### Required action:
Print each line from the start of the records below up through the line where "by (induction P rule: induct_list012) (auto simp: neq_Nil_conv)" is found, exactly as given.
### Listed records ###
lemma path_directions_append:
  "P \<noteq> [] \<Longrightarrow> Q \<noteq> [] \<Longrightarrow>
    path_directions (P @ Q) = path_directions P @ direction (last P) (hd Q) # path_directions Q"
  by (induction P rule: induct_list012) (auto simp: neq_Nil_conv)

lemma is_path_append:
  "P \<noteq> [] \<Longrightarrow> Q \<noteq> [] \<Longrightarrow>
    is_path n (P @ Q) \<longleftrightarrow> is_path n P \<and> adjacent n (last P) (hd Q) \<and> is_path n Q"
  by (induction P rule: induct_list012) (auto simp: neq_Nil_conv adjacent_def)

lemma
  assumes "P \<noteq> []" "Q \<noteq> []" "last P = hd Q"
  shows path_edges_glue: "path_edges (P @ tl Q) = path_edges P @ path_edges Q"
    and path_directions_glue: "path_directions (P @ tl Q) = path_directions P @ path_directions Q"
    and is_path_glue: "is_path n (P @ tl Q) \<longleftrightarrow> is_path n P \<and> is_path n Q"
proof -
  obtain q Q' where Q: "Q = q # Q'" using assms(2) by (cases Q) auto
  show "path_edges (P @ tl Q) = path_edges P @ path_edges Q"
    "path_directions (P @ tl Q) = path_directions P @ path_directions Q"
    using assms by (cases Q'; simp add: Q path_edges_append path_directions_append)+
  show "is_path n (P @ tl Q) \<longleftrightarrow> is_path n P \<and> is_path n Q"
  proof (cases "Q' = []")
    case True
    have "is_path n P \<Longrightarrow> last P \<in> cube_vertices n"
      using assms(1) last_in_set by (auto simp: is_path_def)
    with True show ?thesis using assms by (auto simp: Q)
  next
    case False
    then show ?thesis using assms by (auto simp: Q is_path_append neq_Nil_conv)
  qed
qed

lemma path_edges_map: "path_edges (map f p) = map ((`) f) (path_edges p)"
  by (induction p rule: induct_list012) auto

lemma path_edge_endpoints:
  "e \<in> set (path_edges p) \<Longrightarrow> \<exists>a b. e = {a, b} \<and> a \<in> set p \<and> b \<in> set p"
  by (induction p rule: induct_list012) auto

lemma path_edges_in_cube_edges: "is_path n p \<Longrightarrow> set (path_edges p) \<subseteq> cube_edges n"
  by (induction p rule: induct_list012) (auto simp: cube_edges_def)

lemma
  assumes "is_path n p"
  shows is_path_map_antipode: "is_path n (map antipode p)"
    and path_directions_map_antipode: "path_directions (map antipode p) = path_directions p"
  using assms by (induction p rule: induct_list012) (auto simp: adjacent_antipode)

lemma
  assumes "is_path (Suc n) p" "0 \<notin> set (path_directions p)"
  shows is_path_map_tl: "is_path n (map tl p)"
    and path_directions_map_tl: "path_directions (map tl p) = map (\<lambda>d. d - 1) (path_directions p)"
  using assms by (induction p rule: induct_list012) (auto simp: adjacent_tl cube_vertices_def)

lemma hd_const_on_path:
  assumes "is_path (Suc n) p" "0 \<notin> set (path_directions p)" "v \<in> set p"
  shows "hd v = hd (hd p)"
  using assms
proof (induction p arbitrary: v rule: induct_list012)
  case (3 x y zs)
  have "hd x = hd y" using "3.prems"(1,2) adjacent_hd_eq_iff by fastforce
  moreover have "hd v = hd y" if "v \<in> set (y # zs)"
    using "3.IH"(2)[OF _ _ that] "3.prems"(1,2) by simp
  ultimately show ?case using "3.prems"(3) by (cases "v = x") simp_all
qed simp_all

lemma last_glue: "P \<noteq> [] \<Longrightarrow> Q \<noteq> [] \<Longrightarrow> last P = hd Q \<Longrightarrow> last (P @ tl Q) = last Q"
  by (cases Q) auto

lemma path_edges_map_antipode: "path_edges (map antipode p) = map antipodal_edge (path_edges p)"
  by (simp add: path_edges_map antipodal_edge_def[abs_def])

lemma geodesic_between_hd_in_cube_vertices:
  "geodesic_between n p x y \<Longrightarrow> x \<in> cube_vertices n"
  by (auto simp: geodesic_between_def geodesic_def is_path_def)

lemma geodesic_between_map_antipode:
  "geodesic_between n p x y \<Longrightarrow> geodesic_between n (map antipode p) (antipode x) (antipode y)"
  unfolding geodesic_between_def geodesic_def
  using hd_map[of p antipode] last_map[of p antipode] is_path_nonempty[of n p]
  by (auto simp: is_path_map_antipode path_directions_map_antipode)

lemma geodesic_half_turn:
  assumes geo: "geodesic_between n (P @ tl Q) x (antipode x)"
    and ne: "P \<noteq> []" "Q \<noteq> []" and glue: "last P = hd Q"
  shows "geodesic_between n (map antipode Q @ tl P) (antipode (hd Q)) (hd Q)"
    and "path_edges (map antipode Q @ tl P) = map antipodal_edge (path_edges Q) @ path_edges P"
proof -
  have paths: "is_path n P" "is_path n Q"
    and dist: "distinct (path_directions P @ path_directions Q)"
    using geo is_path_glue[OF ne glue] path_directions_glue[OF ne glue]
    by (auto simp: geodesic_between_def geodesic_def)
  have "last Q = antipode x" "hd P = x"
    using geo last_glue[OF ne glue] ne by (auto simp: geodesic_between_def)
  then have glue': "last (map antipode Q) = hd P" using ne(2) by (simp add: last_map)
  have ne': "map antipode Q \<noteq> []" using ne(2) by simp
  show "path_edges (map antipode Q @ tl P) = map antipodal_edge (path_edges Q) @ path_edges P"
    using path_edges_glue[OF ne' ne(1) glue'] by (simp add: path_edges_map_antipode)
  have "is_path n (map antipode Q @ tl P)"
    using is_path_glue[OF ne' ne(1) glue'] paths by (simp add: is_path_map_antipode)
  moreover have "distinct (path_directions (map antipode Q @ tl P))"
    using path_directions_glue[OF ne' ne(1) glue'] dist paths(2)
    by (auto simp: path_directions_map_antipode)
  moreover have "hd (map antipode Q @ tl P) = antipode (hd Q)" using ne(2) by (simp add: hd_map)
  moreover have "last (map antipode Q @ tl P) = hd Q" using last_glue[OF ne' ne(1) glue'] glue by simp
  ultimately show "geodesic_between n (map antipode Q @ tl P) (antipode (hd Q)) (hd Q)"
    by (simp add: geodesic_between_def geodesic_def)
qed

lemma map_eq_replicateD: "map f xs = replicate n y \<Longrightarrow> x \<in> set xs \<Longrightarrow> f x = y"
  by (metis imageI in_set_replicate list.set_map)

lemma map_eq_replicateI: "\<forall>x\<in>set xs. f x = y \<Longrightarrow> map f xs = replicate (length xs) y"
  by (rule replicate_eqI) auto

lemma antipodal_colouring_antipodal_edge:
  "antipodal_colouring n c \<Longrightarrow> e \<in> cube_edges n \<Longrightarrow> c (antipodal_edge e) = (\<not> c e)"
  by (auto simp: antipodal_colouring_def)

lemma monochromatic_geodesic_if_changes_colour_at_most_once:
  assumes ac: "antipodal_colouring n c" and geo: "geodesic_between n q x (antipode x)"
    and once: "changes_colour_at_most_once c q"
  shows "\<exists>x p. x \<in> cube_vertices n \<and> geodesic_between n p x (antipode x) \<and> monochromatic c p"
proof -
  obtain b k m where col: "map c (path_edges q) = replicate k b @ replicate m (\<not> b)"
    using once by (auto simp: changes_colour_at_most_once_def)
  have path: "is_path n q" using geo by (simp add: geodesic_between_def geodesic_def)
  then have "q \<noteq> []" by auto
  moreover have "length q - 1 = k + m"
    using arg_cong[OF col, of length] by (simp add: path_edges_def)
  ultimately have k: "k < length q" by (cases q) auto
  define P where "P = take (Suc k) q"
  define Q where "Q = drop k q"
  have ne: "P \<noteq> []" "Q \<noteq> []" and glue: "last P = hd Q"
    using k by (auto simp: P_def Q_def take_Suc_conv_app_nth hd_drop_conv_nth)
  have q: "P @ tl Q = q" by (simp add: P_def Q_def tl_drop drop_Suc[symmetric])
  have "length (path_edges P) = k" using k by (simp add: P_def path_edges_def)
  then have P_col: "map c (path_edges P) = replicate k b"
    and Q_col: "map c (path_edges Q) = replicate m (\<not> b)"
    using col path_edges_glue[OF ne glue] by (auto simp: q append_eq_append_conv)
  have "set (path_edges Q) \<subseteq> cube_edges n"
    using path is_path_glue[OF ne glue] path_edges_in_cube_edges by (auto simp: q)
  then have "c (antipodal_edge e) = b" if "e \<in> set (path_edges Q)" for e
    using that ac map_eq_replicateD[OF Q_col] by (auto simp: antipodal_colouring_antipodal_edge)
  then have "\<forall>e \<in> set (map antipodal_edge (path_edges Q) @ path_edges P). c e = b"
    using map_eq_replicateD[OF P_col] by auto
  moreover note geodesic_half_turn[OF geo[folded q] ne glue]
  ultimately show ?thesis unfolding monochromatic_def
    by (metis antipode_antipode geodesic_between_hd_in_cube_vertices)
qed

text \<open>The first coordinate (hd) splits Q_(n+1) into two copies of Q_n, and tl is the projection
onto them. Edges of direction 0 are coloured by coordinate 1, which exists since n \<ge> 1 and which
the antipodal map negates.\<close>

definition antipodal_lift :: "(bool list set \<Rightarrow> bool) \<Rightarrow> bool list set \<Rightarrow> bool" where
  "antipodal_lift c e =
    (if \<forall>v\<in>e. \<not> hd v then c (tl ` e)
     else if \<forall>v\<in>e. hd v then \<not> c (antipodal_edge (tl ` e))
     else (\<exists>v\<in>e. v ! 1))"

lemma tl_image_antipodal_edge: "tl ` antipodal_edge e = antipodal_edge (tl ` e)"
  by (auto simp: antipodal_edge_def tl_antipode image_image)

lemma antipodal_lift_horizontal:
  "e \<noteq> {} \<Longrightarrow> \<forall>v\<in>e. hd v = h \<Longrightarrow>
    antipodal_lift c e = (if h then \<not> c (antipodal_edge (tl ` e)) else c (tl ` e))"
  by (auto simp: antipodal_lift_def)

lemma antipodal_lift_vertical:
  "hd x \<noteq> hd y \<Longrightarrow> x ! 1 = y ! 1 \<Longrightarrow> antipodal_lift c {x, y} = x ! 1"
  by (auto simp: antipodal_lift_def)

lemma antipodal_colouring_antipodal_lift:
  assumes "n \<ge> 1"
  shows "antipodal_colouring (Suc n) (antipodal_lift c)"
  unfolding antipodal_colouring_def
proof
  fix e assume "e \<in> cube_edges (Suc n)"
  then obtain a b where e: "e = {a, b}" and ab: "adjacent (Suc n) a b"
    by (auto simp: cube_edges_def)
  have len: "length a = Suc n" "length b = Suc n" using adjacentD[OF ab] by simp_all
  then have "a \<noteq> []" "b \<noteq> []" by auto
  then have anti: "antipodal_edge e = {antipode a, antipode b}"
    "hd (antipode a) = (\<not> hd a)" "hd (antipode b) = (\<not> hd b)"
    by (simp_all add: e antipodal_edge_def hd_antipode)
  show "antipodal_lift c e \<noteq> antipodal_lift c (antipodal_edge e)"
  proof (cases "hd a = hd b")
    case True
    then have "\<forall>v\<in>e. hd v = hd a" "\<forall>v\<in>antipodal_edge e. hd v = (\<not> hd a)"
      by (auto simp: e anti(2,3) anti(1)[unfolded e])
    moreover have "e \<noteq> {}" "antipodal_edge e \<noteq> {}" by (simp_all add: e antipodal_edge_def)
    ultimately show ?thesis
      using antipodal_lift_horizontal[of e "hd a"]
        antipodal_lift_horizontal[of "antipodal_edge e" "\<not> hd a"]
      by (simp add: tl_image_antipodal_edge)
  next
    case False
    then have "direction a b = 0" using adjacent_hd_eq_iff[OF ab] by simp
    then have "a ! 1 = b ! 1" using adjacentD(5)[OF ab, of 1] assms by simp
    moreover have "antipode a ! 1 = (\<not> a ! 1)" "antipode b ! 1 = (\<not> b ! 1)"
      using len assms by (auto simp: antipode_def)
    ultimately show ?thesis
      using False antipodal_lift_vertical[of a b] antipodal_lift_vertical[of "antipode a" "antipode b"]
      by (simp add: e anti(1)[unfolded e] anti(2,3))
  qed
qed

lemma monochromatic_geodesic_from_lower_half:
  assumes ac: "antipodal_colouring n c" and geo: "geodesic_between n p y (antipode y)"
    and mono: "monochromatic c p" and "y \<noteq> []"
  obtains y' p' b where "geodesic_between n p' y' (antipode y')" "\<not> hd y'"
    "\<forall>e\<in>set (path_edges p'). c e = b"
proof -
  obtain b where b: "\<forall>e\<in>set (path_edges p). c e = b" using mono by (auto simp: monochromatic_def)
  show ?thesis
  proof (cases "hd y")
    case False
    with geo b that show ?thesis by blast
  next
    case True
    have "set (path_edges p) \<subseteq> cube_edges n"
      using geo path_edges_in_cube_edges by (simp add: geodesic_between_def geodesic_def)
    then have "\<forall>e\<in>set (path_edges (map antipode p)). c e = (\<not> b)"
      using ac b by (auto simp: path_edges_map_antipode antipodal_colouring_antipodal_edge)
    moreover have "\<not> hd (antipode y)" using True \<open>y \<noteq> []\<close> by (simp add: hd_antipode)
    ultimately show ?thesis
      using that geodesic_between_map_antipode[OF geo] by (metis antipode_antipode)
  qed
qed

lemma split_path_at_first_coordinate:
  assumes path: "is_path (Suc n) p" and dist: "distinct (path_directions p)"
    and start: "\<not> hd (hd p)" and finish: "hd (last p)"
  obtains p1 p2 where "p = p1 @ p2" "p1 \<noteq> []" "p2 \<noteq> []"
    "\<forall>v\<in>set p1. \<not> hd v" "\<forall>v\<in>set p2. hd v"
proof -
  define p1 where "p1 = takeWhile (\<lambda>v. \<not> hd v) p"
  define p2 where "p2 = dropWhile (\<lambda>v. \<not> hd v) p"
  have p: "p = p1 @ p2" by (simp add: p1_def p2_def)
  have lower: "\<forall>v\<in>set p1. \<not> hd v" by (auto simp: p1_def dest: set_takeWhileD)
  have "p \<noteq> []" using path by (rule is_path_nonempty)
  then have ne: "p1 \<noteq> []" "p2 \<noteq> []"
    using start finish last_in_set by (auto simp: p1_def p2_def takeWhile_eq_Nil_iff)
  have "hd (hd p2)" using hd_dropWhile[OF ne(2)[unfolded p2_def]] by (simp add: p2_def)
  have "adjacent (Suc n) (last p1) (hd p2)" "is_path (Suc n) p2"
    using path is_path_append[OF ne] by (simp_all add: p)
  moreover have "hd (last p1) \<noteq> hd (hd p2)" using lower ne(1) \<open>hd (hd p2)\<close> by simp
  ultimately have "direction (last p1) (hd p2) = 0" "is_path (Suc n) p2"
    using adjacent_hd_eq_iff by simp_all
  \<comment> \<open>direction 0 is used up by the crossing edge, so p2 never leaves the upper half\<close>
  then have "0 \<notin> set (path_directions p2)"
    using dist path_directions_append[OF ne] by (simp add: p)
  then have "\<forall>v\<in>set p2. hd v"
    using hd_const_on_path[OF \<open>is_path (Suc n) p2\<close>] \<open>hd (hd p2)\<close> by simp
  with p ne lower show ?thesis by (rule that)
qed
###
### Task result:
lemma path_directions_append:
  "P \<noteq> [] \<Longrightarrow> Q \<noteq> [] \<Longrightarrow>
    path_directions (P @ Q) = path_directions P @ direction (last P) (hd Q) # path_directions Q"
  by (induction P rule: induct_list012) (auto simp: neq_Nil_conv)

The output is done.